Update

Federal Grant Program Manager Tells Game Developers: ‘The Culture Has Changed’

The research branch of the Department of Education has greatly expanded its support for game developers.

The research branch of the Department of Education has greatly expanded its support for game developers.

Game firms looking to develop learning games are more likely looking at venture capital firms than the federal government for startup funding, but a grant program from the U.S. Department of Education may be exactly where they ought to be looking.

The agency has greatly expanded its support of game developers and during this week’s 2015 Games for Change Summit in New York, N.Y., Ed Metz, program director for the Institute of Education Sciences’ Small Business Innovation Research (SBIR) grant program, outlined just how much the government’s attitude has changed.

“Eight years ago, our program’s portfolio didn’t include a single educational-themed game or project,” Metz said. “Today, about half of those projects are educational games.”

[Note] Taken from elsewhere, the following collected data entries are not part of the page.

(* Write phi for the Fourier transform of M.  The majorant (lam^2/(lam^2+|xi|^2))^q is at
   least 1 - |xi|^2/lam^2 everywhere, at least 1/2 for |xi| <= lam and at least |xi|^(-p)
   for |xi| >= lam whenever 2q <= p (kernel_majorant).  So it suffices to bound |phi| in
   three frequency ranges:
   - far:    the o(|xi|^-p) hypothesis gives |phi(xi)| <= |xi|^-p <= 1/2 for |xi| >= R;
   - middle: |phi| is bounded away from 1 on |xi| >= r > 0, by the doubling inequality
             1 - |phi(2 xi)| <= 4 (1 - |phi(xi)|) iterated until 2^N xi is far;
   - near:   the second-order Taylor expansion of phi (mean zero, finite third moment)
             gives |phi(xi)| <= 1 - s |xi|^2 / 4, where s > 0 bounds all coordinate
             variances from below; they are positive because a vanishing variance would
             force phi = 1 along a whole coordinate axis, contradicting the decay. *)

lemma power_le_one_plus_power:
  fixes x :: real
  assumes "0 \<le> x" "k \<le> n"
  shows "x ^ k \<le> 1 + x ^ n"
proof (cases "x \<le> 1")
  case True
  then have "x ^ k \<le> 1" using assms by (simp add: power_le_one)
  then show ?thesis using assms by (simp add: add_increasing2)
next
  case False
  then have "x ^ k \<le> x ^ n" using assms by (intro power_increasing) auto
  then show ?thesis by simp
qed

lemma one_minus_cos_double: "1 - cos (2 * y) \<le> 4 * (1 - cos (y::real))"
proof -
  have "1 - cos (2 * y) = 2 * (1 - cos y) * (1 + cos y)"
    using cos_double_cos[of y] by (simp add: algebra_simps power2_eq_square)
  also have "\<dots> \<le> 2 * (1 - cos y) * 2"
    by (intro mult_left_mono) auto
  finally show ?thesis by simp
qed

lemma powr_ge_self:
  fixes y q :: real
  assumes "0 < y" "y \<le> 1" "0 < q" "q \<le> 1"
  shows "y \<le> y powr q"
  using powr_mono'[of q 1 y] assms by simp

lemma kernel_ge_quadratic:
  fixes lam n q :: real
  assumes "0 < lam" "0 < q" "q \<le> 1"
  shows "1 - n^2 / lam^2 \<le> (lam^2 / (lam^2 + n^2)) powr q"
proof -
  have pos: "0 < lam^2 + n^2" using assms by (simp add: add_pos_nonneg)
  have "1 - n^2 / lam^2 \<le> 1 - n^2 / (lam^2 + n^2)"
    using assms pos by (intro diff_left_mono divide_left_mono) auto
  also have "\<dots> = lam^2 / (lam^2 + n^2)"
    using pos by (subst diff_divide_eq_iff) auto
  also have "\<dots> \<le> (lam^2 / (lam^2 + n^2)) powr q"
    using assms pos by (intro powr_ge_self) auto
  finally show ?thesis .
qed

lemma kernel_ge_half:
  fixes lam n q :: real
  assumes "0 < lam" "0 \<le> n" "n \<le> lam" "0 < q" "q \<le> 1"
  shows "1/2 \<le> (lam^2 / (lam^2 + n^2)) powr q"
proof -
  have pos: "0 < lam^2 + n^2" using assms by (simp add: add_pos_nonneg)
  have "n^2 \<le> lam^2" using assms by (intro power_mono) auto
  then have "1/2 \<le> lam^2 / (lam^2 + n^2)" using pos by (simp add: field_simps)
  also have "\<dots> \<le> (lam^2 / (lam^2 + n^2)) powr q"
    using assms pos by (intro powr_ge_self) auto
  finally show ?thesis .
qed

lemma kernel_ge_power:
  fixes lam n p q :: real
  assumes "2 \<le> lam" "lam \<le> n" "0 < q" "2 * q \<le> p"
  shows "n powr (-p) \<le> (lam^2 / (lam^2 + n^2)) powr q"
proof -
  have n1: "1 \<le> n" using assms by linarith
  have "lam^2 \<le> n^2" using assms by (intro power_mono) auto
  moreover have "2 * n^2 \<le> lam^2 * n^2"
    using assms power_mono[of 2 lam 2] by (intro mult_right_mono) auto
  ultimately have "lam^2 + n^2 \<le> lam^2 * n^2" by linarith
  then have "lam^2 / (lam^2 * n^2) \<le> lam^2 / (lam^2 + n^2)"
    using assms n1 by (intro divide_left_mono) (auto intro!: mult_pos_pos add_pos_pos)
  then have "1 / n^2 \<le> lam^2 / (lam^2 + n^2)" using assms by simp
  then have "(1 / n^2) powr q \<le> (lam^2 / (lam^2 + n^2)) powr q"
    using n1 assms by (intro powr_mono2) auto
  moreover have "(1 / n^2) powr q = n powr (-(2 * q))"
  proof -
    have "(n^2) powr q = (n powr 2) powr q" using n1 by simp
    also have "\<dots> = n powr (2 * q)" by (simp add: powr_powr)
    finally have "(1 / n^2) powr q = 1 / n powr (2 * q)" by (simp add: powr_divide)
    then show ?thesis by (simp add: powr_minus_divide)
  qed
  moreover have "n powr (-p) \<le> n powr (-(2 * q))"
    using n1 assms by (intro powr_mono) auto
  ultimately show ?thesis by simp
qed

The SBIR provides seed-funding for entrepreneurial developers to research and develop commercially viable education technology products, including games.

Burgeoning educational game developers or companies with fewer than 500 employees can submit ideas to compete for annual awards, which range anywhere from $150,000 to $1 million in seed money, no strings attached.

“The company owns all the IP,” Metz said. “In that sense, it’s the best program ever for a startup. They can use it to fund the critical needs of the company.”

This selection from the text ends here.